Items listed in a dataset

BEGIN

theorem theorem3:
  fixes n k :: nat
  assumes "0 < n" and "0 < k" and "real k < real n / 2"
  shows "(\<forall>alg. alg_fully_orients alg n k \<longrightarrow>
            (\<exists>\<sigma>. total_ordering n \<sigma> \<and>
               (\<exists>m. stops_at alg n \<sigma> m \<and>
                  real n / real k * log (real n * exp 1 / real k) (real n)
                    \<le> real (length (snd (adaptive_run alg n \<sigma> m))))))
       \<and> (\<forall>\<I>. (\<forall>I \<in> \<I>. I \<subseteq> {1..n} \<and> card I \<le> k) \<and> family_orients_some_order n \<I> \<longrightarrow>
            real n / real k * log (real n * exp 1 / real k) (real n) \<le> real (card \<I>))
       \<and> (\<exists>\<I>. (\<forall>I \<in> \<I>. I \<subseteq> {1..n} \<and> card I \<le> k) \<and> family_orients_every_order n \<I> \<and>
            card \<I> \<le> (nat \<lceil>real n / real k\<rceil> - 1) *
                      nat \<lceil>log (real (nat \<lceil>real n / real k\<rceil>)) (real n)\<rceil>)"
proof -
  have "k < n" using assms(3) by linarith
  note card_ge = separating_family_card_ge[OF _ _ _ assms(2) this]
  show ?thesis
  proof (intro conjI allI impI)
    fix alg assume "alg_fully_orients alg n k"
    then obtain \<sigma> m where \<sigma>: "total_ordering n \<sigma>" and m: "stops_at alg n \<sigma> m"
      and sep: "separates (set (snd (adaptive_run alg n \<sigma> m))) {1..n}"
      and small: "\<forall>I\<in>set (snd (adaptive_run alg n \<sigma> m)). I \<subseteq> {1..n} \<and> card I \<le> k"
      by (rule adaptive_run_separating)
    have "real n / real k * log (real n * exp 1 / real k) (real n)
        \<le> real (card (set (snd (adaptive_run alg n \<sigma> m))))"
      using card_ge[OF _ small sep] by simp
    also have "\<dots> \<le> real (length (snd (adaptive_run alg n \<sigma> m)))"
      by (simp add: card_length)
    finally show "\<exists>\<sigma>. total_ordering n \<sigma> \<and> (\<exists>m. stops_at alg n \<sigma> m \<and>
        real n / real k * log (real n * exp 1 / real k) (real n)
          \<le> real (length (snd (adaptive_run alg n \<sigma> m))))"
      using \<sigma> m by blast
  next
    fix \<I> assume "(\<forall>I\<in>\<I>. I \<subseteq> {1..n} \<and> card I \<le> k) \<and> family_orients_some_order n \<I>"
    with family_orients_some_order_separates
    show "real n / real k * log (real n * exp 1 / real k) (real n) \<le> real (card \<I>)"
      by (intro card_ge) auto
  next
    show "\<exists>\<I>. (\<forall>I\<in>\<I>. I \<subseteq> {1..n} \<and> card I \<le> k) \<and> family_orients_every_order n \<I> \<and>
        card \<I> \<le> (nat \<lceil>real n / real k\<rceil> - 1) * nat \<lceil>log (real (nat \<lceil>real n / real k\<rceil>)) (real n)\<rceil>"
    proof -
      obtain \<I> where "finite \<I>" "\<forall>I\<in>\<I>. I \<subseteq> {1..n} \<and> card I \<le> k" "separates \<I> {1..n}"
        "card \<I> \<le> (nat \<lceil>real n / real k\<rceil> - 1) * nat \<lceil>log (real (nat \<lceil>real n / real k\<rceil>)) (real n)\<rceil>"
        using separating_family_exists[OF assms(2) \<open>k < n\<close>] by blast
      then show ?thesis
        by (intro exI[of _ \<I>]) (simp add: family_orients_every_order_if_separates)
    qed
  qed
qed
end
(* Let $p$ be an odd prime, let $C_p$ be the cycle graph on $p$ vertices with adjacency matrix $A$, and let $a,b$ be any (possibly equal) vertices. Then there is a region $R\subseteq\mathbb{C}$ such that the curve $t\mapsto \exp(\mathrm{i}tA)_{a,b}$, $t\ge 0$, is dense in $R$ (as $t\to\infty$), and $R$ is invariant under the rotation of the plane about the origin by angle $2\pi/p$ (that is, $R$ has $p$-fold rotational symmetry). *)

theory Defs
  imports "HOL-Analysis.Analysis" "HOL-Computational_Algebra.Primes"
begin

text \<open>Square matrices of size n are represented as functions nat => nat => complex,
  only entries with indices below n being relevant.\<close>

definition mat_mult :: "nat \<Rightarrow> (nat \<Rightarrow> nat \<Rightarrow> complex) \<Rightarrow> (nat \<Rightarrow> nat \<Rightarrow> complex) \<Rightarrow> (nat \<Rightarrow> nat \<Rightarrow> complex)" where
  "mat_mult n A B = (\<lambda>i j. \<Sum>k<n. A i k * B k j)"

definition mat_id :: "nat \<Rightarrow> nat \<Rightarrow> complex" where
  "mat_id = (\<lambda>i j. if i = j then 1 else 0)"

fun mat_pow :: "nat \<Rightarrow> (nat \<Rightarrow> nat \<Rightarrow> complex) \<Rightarrow> nat \<Rightarrow> (nat \<Rightarrow> nat \<Rightarrow> complex)" where
  "mat_pow n A 0 = mat_id"
| "mat_pow n A (Suc k) = mat_mult n (mat_pow n A k) A"

definition mat_exp :: "nat \<Rightarrow> (nat \<Rightarrow> nat \<Rightarrow> complex) \<Rightarrow> (nat \<Rightarrow> nat \<Rightarrow> complex)" where
  "mat_exp n A = (\<lambda>i j. \<Sum>k. mat_pow n A k i j / of_nat (fact k))"

definition cycle_adj :: "nat \<Rightarrow> nat \<Rightarrow> nat \<Rightarrow> complex" where
  "cycle_adj p i j = (if i < p \<and> j < p \<and> ((i + 1) mod p = j \<or> (j + 1) mod p = i) then 1 else 0)"

definition cycle_walk :: "nat \<Rightarrow> real \<Rightarrow> nat \<Rightarrow> nat \<Rightarrow> complex" where
  "cycle_walk p t a b = mat_exp p (\<lambda>i j. \<i> * complex_of_real t * cycle_adj p i j) a b"

end

(*
  The discrete Fourier transform diagonalises the adjacency matrix A of C_p: with
  \<omega> = e^(2\<pi>i/p) and \<lambda>_k = 2 cos (2\<pi>k/p),
    exp(itA)_ab = (1/p) \<Sum>_(k<p) \<omega>^(k(a-b)) e^(it\<lambda>_k).
  Write p = 2m + 1. As \<lambda>_(p-k) = \<lambda>_k, only \<lambda>_0 = 2 and \<lambda>_1, ..., \<lambda>_m matter, and the
  irreducibility of 1 + x + ... + x^(p-1) makes \<lambda>_1, ..., \<lambda>_m linearly independent over the
  rationals. Kronecker's theorem then gives arbitrarily large t with t\<lambda>_k close to
  s\<lambda>_k + 2\<pi>j/p modulo 2\<pi> for k = 1..m, and because \<lambda>_0 = -2(\<lambda>_1 + ... + \<lambda>_m) and
  -2m = 1 (mod p) the same holds for k = 0. So every rotation \<omega>^j exp(isA)_ab is a limit point
  of the curve, and the union R of all rotations of the curve by powers of \<omega> works.
*)

theory Submission
  imports Defs "HOL-Computational_Algebra.Polynomial_Factorial"
begin

section \<open>Spectral decomposition of the walk on the cycle\<close>

(* For fixed k, the vector
   (fourier_mode p k i) (i < p) is an eigenvector of the adjacency matrix of C_p with
   eigenvalue cycle_eigenvalue p k. *)
definition fourier_mode :: "nat \<Rightarrow> nat \<Rightarrow> int \<Rightarrow> complex" where
  "fourier_mode p k d = cis (2 * pi * real k * real_of_int d / real p)"

definition cycle_eigenvalue :: "nat \<Rightarrow> nat \<Rightarrow> real" where
  "cycle_eigenvalue p k = 2 * cos (2 * pi * real k / real p)"

lemma fourier_mode_eqI:
  assumes "int p dvd d - d'"
  shows "fourier_mode p k d = fourier_mode p k d'"
proof (cases "p = 0")
  case False
  from assms obtain e where "d - d' = int p * e" by (rule dvdE)
  then have "d = d' + int p * e" by simp
  then have "2 * pi * real k * real_of_int d / real p
      = 2 * pi * real k * real_of_int d' / real p + 2 * pi * real_of_int (int k * e)"
    using False by (simp add: field_simps)
  then show ?thesis
    unfolding fourier_mode_def by (simp add: cis_mult[symmetric])
qed (use assms in simp)

lemma fourier_mode_power: "fourier_mode p k d = cis (2 * pi * real_of_int d / real p) ^ k"
  unfolding fourier_mode_def Complex.DeMoivre by (rule arg_cong[where f = cis]) (simp add: field_simps)

lemma sum_fourier_mode:
  assumes "p > 0"
  shows "(\<Sum>k<p. fourier_mode p k d) = (if int p dvd d then of_nat p else 0)"
proof -
  define z where "z = cis (2 * pi * real_of_int d / real p)"
  have "z = 1 \<longleftrightarrow> int p dvd d"
  proof
    assume "z = 1"
    then have "exp (\<i> * of_real (2 * pi * real_of_int d / real p)) = 1"
      by (simp add: z_def cis_conv_exp)
    then obtain n :: int where "2 * pi * real_of_int d / real p = of_int (2 * n) * pi"
      by (auto simp: exp_eq_1)
    then have "real_of_int d = real_of_int (n * int p)"
      using assms by (simp add: field_simps)
    then show "int p dvd d" by (simp only: of_int_eq_iff dvd_triv_right)
  next
    assume "int p dvd d"
    then show "z = 1"
      using fourier_mode_eqI[of p d 0 1] unfolding z_def fourier_mode_def by simp
  qed
  moreover have "z ^ p = 1"
    using assms unfolding z_def Complex.DeMoivre by simp
  ultimately show ?thesis
    by (simp add: fourier_mode_power z_def[symmetric] sum_gp_strict)
qed

lemma fourier_mode_neighbours:
  "fourier_mode p k (d - 1) + fourier_mode p k (d + 1)
     = of_real (cycle_eigenvalue p k) * fourier_mode p k d"
proof -
  define x where "x = 2 * pi * real k / real p"
  have "fourier_mode p k (d - 1) = fourier_mode p k d * cis (- x)"
       "fourier_mode p k (d + 1) = fourier_mode p k d * cis x"
    unfolding fourier_mode_def x_def cis_mult
    by (rule arg_cong[where f = cis], cases "p = 0", simp_all add: field_simps)+
  moreover have "cis (- x) + cis x = of_real (cycle_eigenvalue p k)"
    unfolding cycle_eigenvalue_def x_def by (simp add: complex_eq_iff)
  ultimately show ?thesis by (metis distrib_left mult.commute)
qed

lemma add_1_mod_less: "(x::nat) < p \<Longrightarrow> (x + 1) mod p = (if x + 1 = p then 0 else x + 1)"
  by auto

lemma add_pred_mod_less:
  fixes b p :: nat
  assumes "b < p"
  shows "(b + p - 1) mod p = (if b = 0 then p - 1 else b - 1)"
proof (cases "b = 0")
  case False
  then have "b + p - 1 = b - 1 + p"
    by simp
  then have "(b + p - 1) mod p = (b - 1 + p) mod p"
    by (simp only:)
  also have "\<dots> = b - 1"
    using assms by simp
  finally show ?thesis
    using False by simp
qed (use assms in simp)

lemma sum_cycle_adj:
  assumes "p \<ge> 3" and "b < p"
  shows "(\<Sum>c<p. f c * cycle_adj p c b) = f ((b + 1) mod p) + f ((b + p - 1) mod p)"
proof -
  define succ pred where "succ = (b + 1) mod p" and "pred = (b + p - 1) mod p"
  have succ_pred: "succ < p" "pred < p" "succ \<noteq> pred"
    using assms unfolding succ_def pred_def add_1_mod_less[OF assms(2)] add_pred_mod_less[OF assms(2)]
    by auto
  have "cycle_adj p c b = (if c = succ then 1 else 0) + (if c = pred then 1 else 0)" if "c < p" for c
    using that assms succ_pred(3) unfolding cycle_adj_def succ_def pred_def
      add_1_mod_less[OF assms(2)] add_1_mod_less[OF that] add_pred_mod_less[OF assms(2)]
    by auto
  then have "(\<Sum>c<p. f c * cycle_adj p c b)
      = (\<Sum>c<p. (if c = succ then f c else 0) + (if c = pred then f c else 0))"
    by (intro sum.cong) (auto simp: distrib_left)
  also have "\<dots> = f succ + f pred"
    using succ_pred by (simp add: sum.distrib)
  finally show ?thesis unfolding succ_def pred_def .
qed

lemma fourier_mode_cycle_adj:
  assumes "p \<ge> 3" and "b < p"
  shows "(\<Sum>c<p. fourier_mode p k (d - int c) * cycle_adj p c b)
           = of_real (cycle_eigenvalue p k) * fourier_mode p k (d - int b)"
proof -
  have "fourier_mode p k (d - int ((b + 1) mod p)) = fourier_mode p k ((d - int b) - 1)"
    by (rule fourier_mode_eqI) (simp add: of_nat_mod algebra_simps)
  moreover have "fourier_mode p k (d - int ((b + p - 1) mod p)) = fourier_mode p k ((d - int b) + 1)"
    unfolding add_pred_mod_less[OF assms(2)] using assms
    by (intro fourier_mode_eqI) (simp add: of_nat_diff)
  ultimately show ?thesis
    using fourier_mode_neighbours[of p k "d - int b"] by (simp add: sum_cycle_adj assms add.commute)
qed

lemma mat_pow_cycle_adj:
  assumes "p \<ge> 3" and "i < p" and "b < p"
  shows "mat_pow p (\<lambda>i j. c * cycle_adj p i j) n i b
    = (\<Sum>k<p. (c * of_real (cycle_eigenvalue p k)) ^ n * fourier_mode p k (int i - int b)) / of_nat p"
  using assms(3)
proof (induction n arbitrary: b)
  case 0
  have "int p dvd int i - int b \<longleftrightarrow> i = b"
    using \<open>i < p\<close> \<open>b < p\<close> dvd_imp_le_int[of "int i - int b" "int p"] by (cases "i = b") auto
  then show ?case
    using assms(1) by (simp add: mat_id_def sum_fourier_mode)
next
  case (Suc n)
  define z where "z k = c * of_real (cycle_eigenvalue p k)" for k
  have "mat_pow p (\<lambda>i j. c * cycle_adj p i j) (Suc n) i b
     = (\<Sum>c'<p. (\<Sum>k<p. z k ^ n * fourier_mode p k (int i - int c')) / of_nat p * (c * cycle_adj p c' b))"
    by (simp add: mat_mult_def Suc.IH z_def)
  also have "\<dots> = (\<Sum>c'<p. \<Sum>k<p. z k ^ n * c / of_nat p * (fourier_mode p k (int i - int c') * cycle_adj p c' b))"
    by (simp add: sum_distrib_left sum_distrib_right sum_divide_distrib mult_ac)
  also have "\<dots> = (\<Sum>k<p. z k ^ n * c / of_nat p
                      * (\<Sum>c'<p. fourier_mode p k (int i - int c') * cycle_adj p c' b))"
    by (subst sum.swap) (simp add: sum_distrib_left)
  also have "\<dots> = (\<Sum>k<p. z k ^ Suc n * fourier_mode p k (int i - int b)) / of_nat p"
    by (simp only: fourier_mode_cycle_adj[OF assms(1) Suc.prems])
      (simp add: sum_divide_distrib z_def mult_ac)
  finally show ?case unfolding z_def .
qed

END

**Brief**:
Go to the line with "unfolding fourier_mode_def Complex.DeMoivre" in the entries above and repeat every line from there through the line with "(\<i> * of_real", exactly and with no other text.

**Solved problem**:
  unfolding fourier_mode_def Complex.DeMoivre by (rule arg_cong[where f = cis]) (simp add: field_simps)

lemma sum_fourier_mode:
  assumes "p > 0"
  shows "(\<Sum>k<p. fourier_mode p k d) = (if int p dvd d then of_nat p else 0)"
proof -
  define z where "z = cis (2 * pi * real_of_int d / real p)"
  have "z = 1 \<longleftrightarrow> int p dvd d"
  proof
    assume "z = 1"
    then have "exp (\<i> * of_real (2 * pi * real_of_int d / real p)) = 1"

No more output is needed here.